== Task brief ==
Return the records, each one exactly as written.

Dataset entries
(* Let $n\ge 2$, $\delta\in(0,1)$, and let $X_{1},\dots,X_{n}\in[0,1]$ be IID real random variables with common law $F$, $X\sim F$. Then with probability at least $1-\delta$, \[ \bar{X}_{n}-\mathbb{E}_{F}X\le\sqrt{\frac{1+2S_{n}^{2}}{3n}\log\frac{2}{\delta}}+\sqrt{\frac{1}{12n}\sqrt{\frac{8}{\lfloor n/2\rfloor}}\log^{3/2}\left(\frac{2}{\delta}\right)}, \] and the same holds (with probability at least $1-\delta$) with $\bar{X}_{n}-\mathbb{E}_{F}X$ replaced by $\mathbb{E}_{F}X-\bar{X}_{n}$.
   Context: $\bar X_n=n^{-1}\sum_{i=1}^n X_i$, $S_{n}^{2}=(n-1)^{-1}\sum_{i=1}^{n}(X_{i}-\bar{X}_{n})^{2}$ is the unbiased sample variance, $\mathbb{E}_F X$ is the mean of $X\sim F$. $\lfloor\cdot\rfloor$ is the floor function. *)

theory Defs
  imports "HOL-Probability.Probability"
begin

definition sample_mean :: "nat \<Rightarrow> (nat \<Rightarrow> real) \<Rightarrow> real" where
  "sample_mean n x = (\<Sum>i<n. x i) / real n"

definition sample_var :: "nat \<Rightarrow> (nat \<Rightarrow> real) \<Rightarrow> real" where
  "sample_var n x = (\<Sum>i<n. (x i - sample_mean n x)^2) / (real n - 1)"

definition emp_bernstein_bound :: "nat \<Rightarrow> real \<Rightarrow> real \<Rightarrow> real" where
  "emp_bernstein_bound n \<delta> s2 =
     sqrt ((1 + 2 * s2) / (3 * real n) * ln (2 / \<delta>))
   + sqrt (1 / (12 * real n) * sqrt (8 / real (n div 2)) * (ln (2 / \<delta>)) powr (3/2))"

end

theory Submission
  imports Defs
begin

text \<open>
  The mean is handled by a Chernoff bound with a Bernstein-type estimate
  E exp(l (Y - E Y)) \<le> exp (l^2 (1 + 2 Var Y) / 12) for random variables Y with values in [0,1].
  A quadratic majorant of the exponential reduces Y to the two-point law on {a, 1} with the same
  mean and variance; the logarithm of its moment generating function is an increment of ln cosh,
  which a second-order estimate bounds.

  The unknown variance is then replaced by the sample variance. For every permutation of the
  sample, the average of the floor(n/2) disjoint pair terms (X i - X j)^2 / 2 is a mean of independent
  variables in [0, 1/2] with expectation Var X, so Hoeffding's lemma bounds its lower tail; the
  sample variance is the average of these statistics over all permutations, and Jensen's
  inequality transfers the bound, giving the tail exp (-8 floor(n/2) \<epsilon>^2). A union bound
  over the two deviation events, each of probability at most \<delta>/2, yields the theorem.
\<close>

section \<open>Elementary inequalities\<close>

lemma ge_tangent_if_second_deriv_nonneg:
  fixes f f' f'' :: "real \<Rightarrow> real"
  assumes f': "\<And>t. min c x \<le> t \<Longrightarrow> t \<le> max c x \<Longrightarrow> (f has_real_derivative f' t) (at t)"
    and f'': "\<And>t. min c x \<le> t \<Longrightarrow> t \<le> max c x \<Longrightarrow> (f' has_real_derivative f'' t) (at t)"
    and nonneg: "\<And>t. min c x \<le> t \<Longrightarrow> t \<le> max c x \<Longrightarrow> f'' t \<ge> 0"
  shows "f x \<ge> f c + f' c * (x - c)"
proof (cases "x = c")
  case False
  define D where "D = (\<lambda>m::nat. if m = 0 then f else if m = 1 then f' else f'')"
  have "\<exists>t. (if x < c then x < t \<and> t < c else c < t \<and> t < x) \<and>
    f x = (\<Sum>m<2. (D m c / fact m) * (x - c)^m) + (D 2 t / fact 2) * (x - c)^2"
    by (rule Taylor[of 2 D f "min c x" "max c x" c x]) (use f' f'' False in \<open>auto simp: D_def\<close>)
  then obtain t where t: "if x < c then x < t \<and> t < c else c < t \<and> t < x"
    and taylor: "f x = (\<Sum>m<2. (D m c / fact m) * (x - c)^m) + (D 2 t / fact 2) * (x - c)^2"
    by blast
  have "f'' t \<ge> 0" using t by (intro nonneg) (auto split: if_splits)
  moreover have "f x = f c + f' c * (x - c) + f'' t / 2 * (x - c)^2"
    using taylor by (simp add: D_def numeral_2_eq_2 lessThan_Suc)
  ultimately show ?thesis by (simp add: add_increasing2)
qed simp

lemma cosh_real_neq_zero: "cosh (t::real) \<noteq> 0"
  using cosh_real_pos[of t] by linarith

lemma tanh_chord:
  fixes a s :: real
  assumes "0 \<le> s" "s \<le> a"
  shows "s * tanh a \<le> a * tanh s"
proof -
  define F where "F = (\<lambda>t::real. t * tanh a - a * tanh t)"
  define F' where "F' = (\<lambda>t::real. tanh a - a * (1 - tanh t ^ 2))"
  define F'' where "F'' = (\<lambda>t::real. a * (2 * tanh t * (1 - tanh t ^ 2)))"
  have F': "(F has_real_derivative F' t) (at t)" for t
    unfolding F_def F'_def by (auto intro!: derivative_eq_intros simp: cosh_real_neq_zero)
  have F'': "(F' has_real_derivative F'' t) (at t)" for t
    unfolding F'_def F''_def
    by (auto intro!: derivative_eq_intros simp: cosh_real_neq_zero algebra_simps power2_eq_square)
  have convex: "F'' t \<ge> 0" if "0 \<le> t" for t
    using that assms tanh_real_bounds[of t] by (auto simp: F''_def abs_square_le_1)
  \<comment> \<open>F is convex on [0, a] and vanishes at both ends, hence is nonpositive at s.\<close>
  have "F 0 \<ge> F s + F' s * (0 - s)" "F a \<ge> F s + F' s * (a - s)"
    by (rule ge_tangent_if_second_deriv_nonneg[OF F' F'']; use convex assms in auto)+
  moreover have "F 0 = 0" "F a = 0" by (auto simp: F_def)
  ultimately have "F s \<le> F' s * s" "F s \<le> - (F' s * (a - s))" by auto
  hence "(a - s) * F s \<le> (a - s) * (F' s * s)" "s * F s \<le> s * (- (F' s * (a - s)))"
    using assms by (intro mult_left_mono; simp)+
  hence "a * F s \<le> 0" by (simp add: algebra_simps)
  thus ?thesis
  proof (cases "a = 0")
    case False
    hence "F s \<le> 0" using \<open>a * F s \<le> 0\<close> assms by (simp add: mult_le_0_iff)
    thus ?thesis by (simp add: F_def)
  qed (use assms in simp)
qed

== Task output ==
(* Let $n\ge 2$, $\delta\in(0,1)$, and let $X_{1},\dots,X_{n}\in[0,1]$ be IID real random variables with common law $F$, $X\sim F$. Then with probability at least $1-\delta$, \[ \bar{X}_{n}-\mathbb{E}_{F}X\le\sqrt{\frac{1+2S_{n}^{2}}{3n}\log\frac{2}{\delta}}+\sqrt{\frac{1}{12n}\sqrt{\frac{8}{\lfloor n/2\rfloor}}\log^{3/2}\left(\frac{2}{\delta}\right)}, \] and the same holds (with probability at least $1-\delta$) with $\bar{X}_{n}-\mathbb{E}_{F}X$ replaced by $\mathbb{E}_{F}X-\bar{X}_{n}$.
   Context: $\bar X_n=n^{-1}\sum_{i=1}^n X_i$, $S_{n}^{2}=(n-1)^{-1}\sum_{i=1}^{n}(X_{i}-\bar{X}_{n})^{2}$ is the unbiased sample variance, $\mathbb{E}_F X$ is the mean of $X\sim F$. $\lfloor\cdot\rfloor$ is the floor function. *)

theory Defs
  imports "HOL-Probability.Probability"
begin

definition sample_mean :: "nat \<Rightarrow> (nat \<Rightarrow> real) \<Rightarrow> real" where
  "sample_mean n x = (\<Sum>i<n. x i) / real n"

definition sample_var :: "nat \<Rightarrow> (nat \<Rightarrow> real) \<Rightarrow> real" where
  "sample_var n x = (\<Sum>i<n. (x i - sample_mean n x)^2) / (real n - 1)"

definition emp_bernstein_bound :: "nat \<Rightarrow> real \<Rightarrow> real \<Rightarrow> real" where
  "emp_bernstein_bound n \<delta> s2 =
     sqrt ((1 + 2 * s2) / (3 * real n) * ln (2 / \<delta>))
   + sqrt (1 / (12 * real n) * sqrt (8 / real (n div 2)) * (ln (2 / \<delta>)) powr (3/2))"

end

theory Submission
  imports Defs
begin

text \<open>
  The mean is handled by a Chernoff bound with a Bernstein-type estimate
  E exp(l (Y - E Y)) \<le> exp (l^2 (1 + 2 Var Y) / 12) for random variables Y with values in [0,1].
  A quadratic majorant of the exponential reduces Y to the two-point law on {a, 1} with the same
  mean and variance; the logarithm of its moment generating function is an increment of ln cosh,
  which a second-order estimate bounds.

  The unknown variance is then replaced by the sample variance. For every permutation of the
  sample, the average of the floor(n/2) disjoint pair terms (X i - X j)^2 / 2 is a mean of independent
  variables in [0, 1/2] with expectation Var X, so Hoeffding's lemma bounds its lower tail; the
  sample variance is the average of these statistics over all permutations, and Jensen's
  inequality transfers the bound, giving the tail exp (-8 floor(n/2) \<epsilon>^2). A union bound
  over the two deviation events, each of probability at most \<delta>/2, yields the theorem.
\<close>

section \<open>Elementary inequalities\<close>

lemma ge_tangent_if_second_deriv_nonneg:
  fixes f f' f'' :: "real \<Rightarrow> real"
  assumes f': "\<And>t. min c x \<le> t \<Longrightarrow> t \<le> max c x \<Longrightarrow> (f has_real_derivative f' t) (at t)"
    and f'': "\<And>t. min c x \<le> t \<Longrightarrow> t \<le> max c x \<Longrightarrow> (f' has_real_derivative f'' t) (at t)"
    and nonneg: "\<And>t. min c x \<le> t \<Longrightarrow> t \<le> max c x \<Longrightarrow> f'' t \<ge> 0"
  shows "f x \<ge> f c + f' c * (x - c)"
proof (cases "x = c")
  case False
  define D where "D = (\<lambda>m::nat. if m = 0 then f else if m = 1 then f' else f'')"
  have "\<exists>t. (if x < c then x < t \<and> t < c else c < t \<and> t < x) \<and>
    f x = (\<Sum>m<2. (D m c / fact m) * (x - c)^m) + (D 2 t / fact 2) * (x - c)^2"
    by (rule Taylor[of 2 D f "min c x" "max c x" c x]) (use f' f'' False in \<open>auto simp: D_def\<close>)
  then obtain t where t: "if x < c then x < t \<and> t < c else c < t \<and> t < x"
    and taylor: "f x = (\<Sum>m<2. (D m c / fact m) * (x - c)^m) + (D 2 t / fact 2) * (x - c)^2"
    by blast
  have "f'' t \<ge> 0" using t by (intro nonneg) (auto split: if_splits)
  moreover have "f x = f c + f' c * (x - c) + f'' t / 2 * (x - c)^2"
    using taylor by (simp add: D_def numeral_2_eq_2 lessThan_Suc)
  ultimately show ?thesis by (simp add: add_increasing2)
qed simp

lemma cosh_real_neq_zero: "cosh (t::real) \<noteq> 0"
  using cosh_real_pos[of t] by linarith

lemma tanh_chord:
  fixes a s :: real
  assumes "0 \<le> s" "s \<le> a"
  shows "s * tanh a \<le> a * tanh s"
proof -
  define F where "F = (\<lambda>t::real. t * tanh a - a * tanh t)"
  define F' where "F' = (\<lambda>t::real. tanh a - a * (1 - tanh t ^ 2))"
  define F'' where "F'' = (\<lambda>t::real. a * (2 * tanh t * (1 - tanh t ^ 2)))"
  have F': "(F has_real_derivative F' t) (at t)" for t
    unfolding F_def F'_def by (auto intro!: derivative_eq_intros simp: cosh_real_neq_zero)
  have F'': "(F' has_real_derivative F'' t) (at t)" for t
    unfolding F'_def F''_def
    by (auto intro!: derivative_eq_intros simp: cosh_real_neq_zero algebra_simps power2_eq_square)
  have convex: "F'' t \<ge> 0" if "0 \<le> t" for t
    using that assms tanh_real_bounds[of t] by (auto simp: F''_def abs_square_le_1)
  \<comment> \<open>F is convex on [0, a] and vanishes at both ends, hence is nonpositive at s.\<close>
  have "F 0 \<ge> F s + F' s * (0 - s)" "F a \<ge> F s + F' s * (a - s)"
    by (rule ge_tangent_if_second_deriv_nonneg[OF F' F'']; use convex assms in auto)+
  moreover have "F 0 = 0" "F a = 0" by (auto simp: F_def)
  ultimately have "F s \<le> F' s * s" "F s \<le> - (F' s * (a - s))" by auto
  hence "(a - s) * F s \<le> (a - s) * (F' s * s)" "s * F s \<le> s * (- (F' s * (a - s)))"
    using assms by (intro mult_left_mono; simp)+
  hence "a * F s \<le> 0" by (simp add: algebra_simps)
  thus ?thesis
  proof (cases "a = 0")
    case False
    hence "F s \<le> 0" using \<open>a * F s \<le> 0\<close> assms by (simp add: mult_le_0_iff)
    thus ?thesis by (simp add: F_def)
  qed (use assms in simp)
qed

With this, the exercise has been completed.